In response to my recent post against the idea that the separation of powers is a necessary concomitant of the rule of law, one of our readers, Graham, offered an interesting suggestion: I ought to have discussed the venerable legal principle nemo iudex in sua causa — no man may be judge in his own cause. Wrote Graham: “I certainly agree that the rule of law does not require separation of powers in every case, nor does it require American-style institutions. There are also cases where Americans would insist on separation of powers where this principle has no force - i.e., the prime minister being a member of parliament who helps make the laws he enforces. And none of this precludes departures from the nemo iudex principle in specific cases (as, per [Richard] Helmholz, often happens with natural law). I would tend to agree that administrative agencies' in-house tribunals are an appropriate example of such a case. But as a default rule, it seems a magistrate should not be judging the strength of his own case, and it seems like a principle that deserves discussion in a post about separation of powers.” The suggestion is well-taken and deserves a better response than a mere reply in a comment thread, and the response may, I hope, be of more general interest; hence this separate post.

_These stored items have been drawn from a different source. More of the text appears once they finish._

text \<open>outer bimodule structure: x (d' \<otimes> d'') y = x d' \<otimes> d'' y\<close>
definition bimod :: "'a::comm_ring_1 poly \<Rightarrow> 'a tens2 \<Rightarrow> 'a poly \<Rightarrow> 'a tens2" where
  "bimod x d y = smult x d * map_poly (\<lambda>c. [:c:]) y"

text \<open>d' \<otimes> d'' \<mapsto> d'' \<otimes> d'\<close>
definition flip2 :: "'a::comm_ring_1 tens2 \<Rightarrow> 'a tens2" where
  "flip2 d = (\<Sum>j\<le>degree d. \<Sum>i\<le>degree (coeff d j).
      tensor2 (monom (coeff (coeff d j) i) j) (monom 1 i))"

text \<open>tau (x1 \<otimes> x2 \<otimes> x3) = x3 \<otimes> x1 \<otimes> x2\<close>
definition tau3 :: "'a::comm_ring_1 tens3 \<Rightarrow> 'a tens3" where
  "tau3 e = (\<Sum>k\<le>degree e. \<Sum>j\<le>degree (coeff e k). \<Sum>i\<le>degree (coeff (coeff e k) j).
      tensor3 (monom (coeff (coeff (coeff e k) j) i) k) (monom 1 i) (monom 1 j))"

text \<open>F(d') \<otimes> d'' (Sweedler notation), extended linearly in d\<close>
definition ext_left :: "('a::comm_ring_1 poly \<Rightarrow> 'a tens2) \<Rightarrow> 'a tens2 \<Rightarrow> 'a tens3" where
  "ext_left F d = (\<Sum>j\<le>degree d. \<Sum>i\<le>degree (coeff d j).
      tensor21 (F (monom 1 i)) (monom (coeff (coeff d j) i) j))"

definition double_bracket :: "('a::comm_ring_1 poly \<Rightarrow> 'a poly \<Rightarrow> 'a tens2) \<Rightarrow> bool" where
  "double_bracket B \<longleftrightarrow>
     (\<forall>a1 a2 b. B (a1 + a2) b = B a1 b + B a2 b) \<and>
     (\<forall>a b1 b2. B a (b1 + b2) = B a b1 + B a b2) \<and>
     (\<forall>r a b. B (smult r a) b = sc2 r (B a b)) \<and>
     (\<forall>r a b. B a (smult r b) = sc2 r (B a b)) \<and>
     (\<forall>a b. B a b = - flip2 (B b a)) \<and>
     (\<forall>a b c. B a (b * c) = bimod 1 (B a b) c + bimod b (B a c) 1)"

definition triple_bracket ::
  "('a::comm_ring_1 poly \<Rightarrow> 'a poly \<Rightarrow> 'a tens2) \<Rightarrow> 'a poly \<Rightarrow> 'a poly \<Rightarrow> 'a poly \<Rightarrow> 'a tens3" where
  "triple_bracket B a b c =
     ext_left (B a) (B b c) + tau3 (ext_left (B b) (B c a)) + tau3 (tau3 (ext_left (B c) (B a b)))"

definition quasi_poisson :: "('a::field poly \<Rightarrow> 'a poly \<Rightarrow> 'a tens2) \<Rightarrow> bool" where
  "quasi_poisson B \<longleftrightarrow> (\<forall>a b c. triple_bracket B a b c = sc3 (1/4)
      (tensor3 (c * a) b 1 - tensor3 (c * a) 1 b - tensor3 c (a * b) 1 + tensor3 c a b
       - tensor3 a b c + tensor3 a 1 (b * c) + tensor3 1 (a * b) c - tensor3 1 a (b * c)))"

end

theory Submission
  imports Defs
begin

text \<open>
  Since \<open>k\<close> is infinite, a tensor in \<open>k[t]\<^sup>\<otimes>\<^sup>2\<close> or \<open>k[t]\<^sup>\<otimes>\<^sup>3\<close> is determined by its values
  as a polynomial function, so everything can be checked pointwise.
  The Leibniz rule and antisymmetry show that a double bracket is determined by
  \<open>P = {{t,t}}\<close>: \<open>(u - v)\<^sup>2 {{a,b}}(u,v) = P(u,v) (a(u) - a(v)) (b(u) - b(v))\<close>.
  Antisymmetry makes \<open>P\<close> vanish on the diagonal, so \<open>P = (t \<otimes> 1 - 1 \<otimes> t) S\<close> with \<open>S\<close>
  symmetric, and the triple bracket becomes
  \<open>(x - y)(y - z)(x - z) {{a,b,c}}(x,y,z) = K(x,y,z) (a(x) - a(y)) (b(y) - b(z)) (c(x) - c(z))\<close>
  for a kernel \<open>K\<close> quadratic in \<open>S\<close>. Hence the bracket is quasi-Poisson iff
  \<open>K = (x - y)(y - z)(x - z)/4\<close>. Comparing degrees in \<open>x\<close> for generic \<open>y, z\<close> shows that
  \<open>S\<close> then has degree at most one in each variable, so \<open>S = \<lambda> + \<mu>(u + v) + \<nu>uv\<close>, and
  for such \<open>S\<close> one computes \<open>K = (\<mu>\<^sup>2 - \<lambda>\<nu>)(x - y)(y - z)(x - z)\<close>.
\<close>

section \<open>Tensors as polynomial functions\<close>

definition eval2 :: "'a::comm_ring_1 tens2 \<Rightarrow> 'a \<Rightarrow> 'a \<Rightarrow> 'a" where
  "eval2 d u v = poly (poly d [:v:]) u"

definition eval3 :: "'a::comm_ring_1 tens3 \<Rightarrow> 'a \<Rightarrow> 'a \<Rightarrow> 'a \<Rightarrow> 'a" where
  "eval3 e x y z = eval2 (poly e [:[:z:]:]) x y"

lemma eval2_add [simp]: "eval2 (d + e) u v = eval2 d u v + eval2 e u v"
  and eval2_diff [simp]: "eval2 (d - e) u v = eval2 d u v - eval2 e u v"
  and eval2_minus [simp]: "eval2 (- d) u v = - eval2 d u v"
  and eval2_mult [simp]: "eval2 (d * e) u v = eval2 d u v * eval2 e u v"
  and eval2_0 [simp]: "eval2 0 u v = 0"
  and eval2_1 [simp]: "eval2 1 u v = 1"
  and eval2_smult [simp]: "eval2 (smult a d) u v = poly a u * eval2 d u v"
  and eval2_sum [simp]: "eval2 (sum f A) u v = (\<Sum>i\<in>A. eval2 (f i) u v)"
  and eval2_power [simp]: "eval2 (d ^ n) u v = eval2 d u v ^ n"
  and eval2_const [simp]: "eval2 [:[:r:]:] u v = r"
  by (simp_all add: eval2_def poly_sum)

lemma poly_map_poly_const: "poly (map_poly (\<lambda>c. [:c:]) p) [:v:] = [:poly p v:]"
  by (induct p) (auto simp: map_poly_pCons mult.commute)

lemma poly_map_poly_const2: "poly (map_poly (\<lambda>c. [:[:c:]:]) p) [:[:v:]:] = [:[:poly p v:]:]"
  by (induct p) (auto simp: map_poly_pCons mult.commute)

lemma eval2_tensor2 [simp]: "eval2 (tensor2 a b) u v = poly a u * poly b v"
  and eval2_sc2 [simp]: "eval2 (sc2 r d) u v = r * eval2 d u v"
  and eval2_bimod [simp]: "eval2 (bimod a d b) u v = poly a u * eval2 d u v * poly b v"
  by (simp_all add: tensor2_def sc2_def bimod_def eval2_def poly_map_poly_const)

lemma eval2_altdef:
  "eval2 d u v = (\<Sum>j\<le>degree d. \<Sum>i\<le>degree (coeff d j). coeff (coeff d j) i * u ^ i * v ^ j)"
proof -
  have "eval2 d u v = (\<Sum>j\<le>degree d. poly (coeff d j) u * v ^ j)"
    unfolding eval2_def by (subst poly_altdef) (simp add: poly_sum)
  then show ?thesis
    by (subst (asm) poly_altdef) (simp add: sum_distrib_right)
qed

lemma eval2_flip2 [simp]: "eval2 (flip2 d) u v = eval2 d v u"
  by (simp add: flip2_def eval2_altdef[of d v u] poly_monom mult_ac)

lemma eval3_add [simp]: "eval3 (d + e) x y z = eval3 d x y z + eval3 e x y z"
  and eval3_diff [simp]: "eval3 (d - e) x y z = eval3 d x y z - eval3 e x y z"
  and eval3_mult [simp]: "eval3 (d * e) x y z = eval3 d x y z * eval3 e x y z"
  and eval3_0 [simp]: "eval3 0 x y z = 0"
  and eval3_sum [simp]: "eval3 (sum f A) x y z = (\<Sum>i\<in>A. eval3 (f i) x y z)"
  and eval3_sc3 [simp]: "eval3 (sc3 r e) x y z = r * eval3 e x y z"
  and eval3_tensor21 [simp]: "eval3 (tensor21 w c) x y z = eval2 w x y * poly c z"
  and eval3_tensor3 [simp]: "eval3 (tensor3 a b c) x y z = poly a x * poly b y * poly c z"
  by (simp_all add: eval3_def poly_sum sc3_def tensor21_def tensor3_def poly_map_poly_const2)

lemma eval3_altdef: "eval3 e x y z = (\<Sum>k\<le>degree e. eval2 (coeff e k) x y * z ^ k)"
  unfolding eval3_def by (subst poly_altdef) (simp add: poly_sum)

lemma eval3_tau3 [simp]: "eval3 (tau3 e) x y z = eval3 e y z x"
  by (simp add: tau3_def eval3_altdef[of e y z x] eval2_altdef poly_monom
      sum_distrib_right sum_distrib_left mult_ac)

lemma eval3_ext_left: "eval3 (ext_left F d) x y z =
    (\<Sum>j\<le>degree d. \<Sum>i\<le>degree (coeff d j). eval2 (F (monom 1 i)) x y * coeff (coeff d j) i * z ^ j)"
  by (simp add: ext_left_def poly_monom mult.assoc)

lemma eval2_all_0_iff_0: "(\<forall>u v. eval2 d u v = 0) \<longleftrightarrow> d = 0"
  for d :: "'a::{idom,ring_char_0} tens2"
proof (intro iffI)
  assume "\<forall>u v. eval2 d u v = 0"
  then have "poly d [:v:] = 0" for v
    unfolding eval2_def using poly_all_0_iff_0 by blast
  then have "range (\<lambda>v. [:v:]) \<subseteq> {q. poly d q = 0}"
    by auto
  moreover have "infinite (range (\<lambda>v::'a. [:v:]))"
    by (simp add: finite_image_iff inj_def infinite_UNIV_char_0)
  ultimately show "d = 0"
    using poly_roots_finite finite_subset by blast
qed simp

lemma eval2_inject: "(\<And>u v. eval2 d u v = eval2 e u v) \<Longrightarrow> d = e"
  for d e :: "'a::{idom,ring_char_0} tens2"
  using eval2_all_0_iff_0[of "d - e"] by simp

lemma eval3_all_0_iff_0: "(\<forall>x y z. eval3 e x y z = 0) \<longleftrightarrow> e = 0"
  for e :: "'a::{idom,ring_char_0} tens3"
proof (intro iffI)
  assume "\<forall>x y z. eval3 e x y z = 0"
  then have "poly e [:[:v:]:] = 0" for v
    unfolding eval3_def using eval2_all_0_iff_0 by blast
  then have "range (\<lambda>v. [:[:v:]:]) \<subseteq> {q. poly e q = 0}"
    by auto
  moreover have "infinite (range (\<lambda>v::'a. [:[:v:]:]))"
    by (simp add: finite_image_iff inj_def infinite_UNIV_char_0)
  ultimately show "e = 0"
    using poly_roots_finite finite_subset by blast
qed (simp add: eval3_def)

lemma eval3_eq_0_if_distinct:
  fixes e :: "'a::{idom,ring_char_0} tens3"
  assumes "\<And>x y z. distinct [x, y, z] \<Longrightarrow> eval3 e x y z = 0"
  shows "e = 0"
proof -
  define V :: "'a tens3" where "V = (tensor3 [:0, 1:] 1 1 - tensor3 1 [:0, 1:] 1)
      * (tensor3 1 [:0, 1:] 1 - tensor3 1 1 [:0, 1:]) * (tensor3 [:0, 1:] 1 1 - tensor3 1 1 [:0, 1:])"
  have eval_V: "eval3 V x y z = (x - y) * (y - z) * (x - z)" for x y z
    by (simp add: V_def)
  have "eval3 (V * e) x y z = 0" for x y z
    using assms[of x y z] by (cases "distinct [x, y, z]") (auto simp: eval_V)
  then have "V * e = 0"
    using eval3_all_0_iff_0 by blast
  moreover have "V \<noteq> 0"
    using eval_V[of 0 1 2] by auto
  ultimately show ?thesis
    by simp
qed

section \<open>Double brackets on \<open>k[t]\<close>\<close>

lemma
  assumes "double_bracket B"
  shows double_bracket_add_right: "B a (b + c) = B a b + B a c"
    and double_bracket_smult_right: "B a (smult r b) = sc2 r (B a b)"
    and double_bracket_antisym: "B a b = - flip2 (B b a)"
    and double_bracket_Leibniz: "B a (b * c) = bimod 1 (B a b) c + bimod b (B a c) 1"
  using assms unfolding double_bracket_def by blast+

lemma bimod_1_1 [simp]: "bimod 1 d 1 = d"
  by (simp add: bimod_def)

lemma double_bracket_const_right:
  assumes "double_bracket B"
  shows "B a [:c:] = 0"
proof -
  have "B a 1 = B a 1 + B a 1"
    using double_bracket_Leibniz[OF assms, of a 1 1] by simp
  then have "B a 1 = 0"
    by simp
  then show ?thesis
    using double_bracket_smult_right[OF assms, of a c 1] by (simp add: sc2_def)
qed

lemma eval2_double_bracket_right:
  assumes "double_bracket B"
  shows "(u - v) * eval2 (B a b) u v = eval2 (B a [:0, 1:]) u v * (poly b u - poly b v)"
proof (induct b)
  case 0
  then show ?case
    using double_bracket_const_right[OF assms, of a 0] by simp
next
  case (pCons c b)
  have "B a (pCons c b) = B a ([:c:] + [:0, 1:] * b)"
    by (rule arg_cong[where f = "B a"]) simp
  also have "\<dots> = bimod 1 (B a [:0, 1:]) b + bimod [:0, 1:] (B a b) 1"
    by (simp only: double_bracket_add_right[OF assms] double_bracket_Leibniz[OF assms]
        double_bracket_const_right[OF assms] add_0_left)
  finally have "eval2 (B a (pCons c b)) u v = eval2 (B a [:0, 1:]) u v * poly b v + u * eval2 (B a b) u v"
    by simp
  then have "(u - v) * eval2 (B a (pCons c b)) u v
      = (u - v) * eval2 (B a [:0, 1:]) u v * poly b v + u * ((u - v) * eval2 (B a b) u v)"
    by (simp add: algebra_simps)
  also have "\<dots> = (u - v) * eval2 (B a [:0, 1:]) u v * poly b v
      + u * (eval2 (B a [:0, 1:]) u v * (poly b u - poly b v))"
    by (simp only: pCons(2))
  also have "\<dots> = eval2 (B a [:0, 1:]) u v * (poly (pCons c b) u - poly (pCons c b) v)"
    by (simp add: algebra_simps)
  finally show ?case .
qed

lemma eval2_double_bracket_swap:
  assumes "double_bracket B"
  shows "eval2 (B a b) u v = - eval2 (B b a) v u"
  by (subst double_bracket_antisym[OF assms]) simp

lemma eval2_double_bracket:
  assumes "double_bracket B"
  shows "(u - v)^2 * eval2 (B a b) u v
    = eval2 (B [:0, 1:] [:0, 1:]) u v * (poly a u - poly a v) * (poly b u - poly b v)"
proof -
  have "(u - v) * eval2 (B a [:0, 1:]) u v = (v - u) * eval2 (B [:0, 1:] a) v u"
    by (subst eval2_double_bracket_swap[OF assms]) (simp add: algebra_simps)
  also have "\<dots> = eval2 (B [:0, 1:] [:0, 1:]) u v * (poly a u - poly a v)"
    by (subst eval2_double_bracket_right[OF assms], subst eval2_double_bracket_swap[OF assms])
      (simp add: algebra_simps)
  finally show ?thesis
    using eval2_double_bracket_right[OF assms, of u v a b]
    by (simp add: power2_eq_square) (metis mult.assoc)
qed

lemma poly_poly_const: "poly (poly d q) u = poly (poly d [:poly q u:]) u"
  by (induct d) auto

The main reason I did not discuss the nemo iudex principle is that I do not believe it is actually implicated — not even as a default rule — by the legal contexts and institutions the post addressed, including the combination of powers in the administrative state. Indeed quite the reverse is true. To understand why this is so, we have to focus on the basic distinction between public and private interests, a distinction that our law draws in clear terms.
Take for example the situation in which - to mention a core case, recently controversial in American libertarian legal circles - federal administrative agencies combine the powers to make rules, initiate enforcement actions under those rules, and then adjudicate whether the rules have been violated, at least at the top level of the agency heads (note that initial formal adjudication is typically carried out by administrative law judges who are to some degree independent of the agency). In such cases, the agency is, in contemplation of the law at least, not judging in its own case. It is judging upon so-called public rights and is presumed to act in the public interest, as a delegated agent of the public. From the extrinsic standpoint of the political scientist or other external observer of the state, who is not unreasonably worried about administrative self-dealing, that legal presumption doubtless appears as, at best, an idealized legal fiction. But from the lawyer’s internal perspective, it is foundational to public law, and is reflected in an array of legal doctrines that underlie and structure the administrative state and indeed the whole constitutional order. Mr. Madison may have discoursed in some Federalist Paper or other about officials promoting the interest of their own branches, rather than the public interest, but our operative law has, right from the beginning and consistently, taken a different approach - one based not upon suspicion and a presumption of distrust, but on the legal presumption that officials act in the public interest unless the contrary is clearly shown. To question this presumption would be to undo much of the fabric of public law.
Some examples:
(1) The very reason Congress can authorize agencies to decide cases such as Federal Trade Commission v. Smith, or Securities and Exchange Commission v. Jones, as opposed to placing initial decision in the federal courts, is that the law calls them cases of “public right.”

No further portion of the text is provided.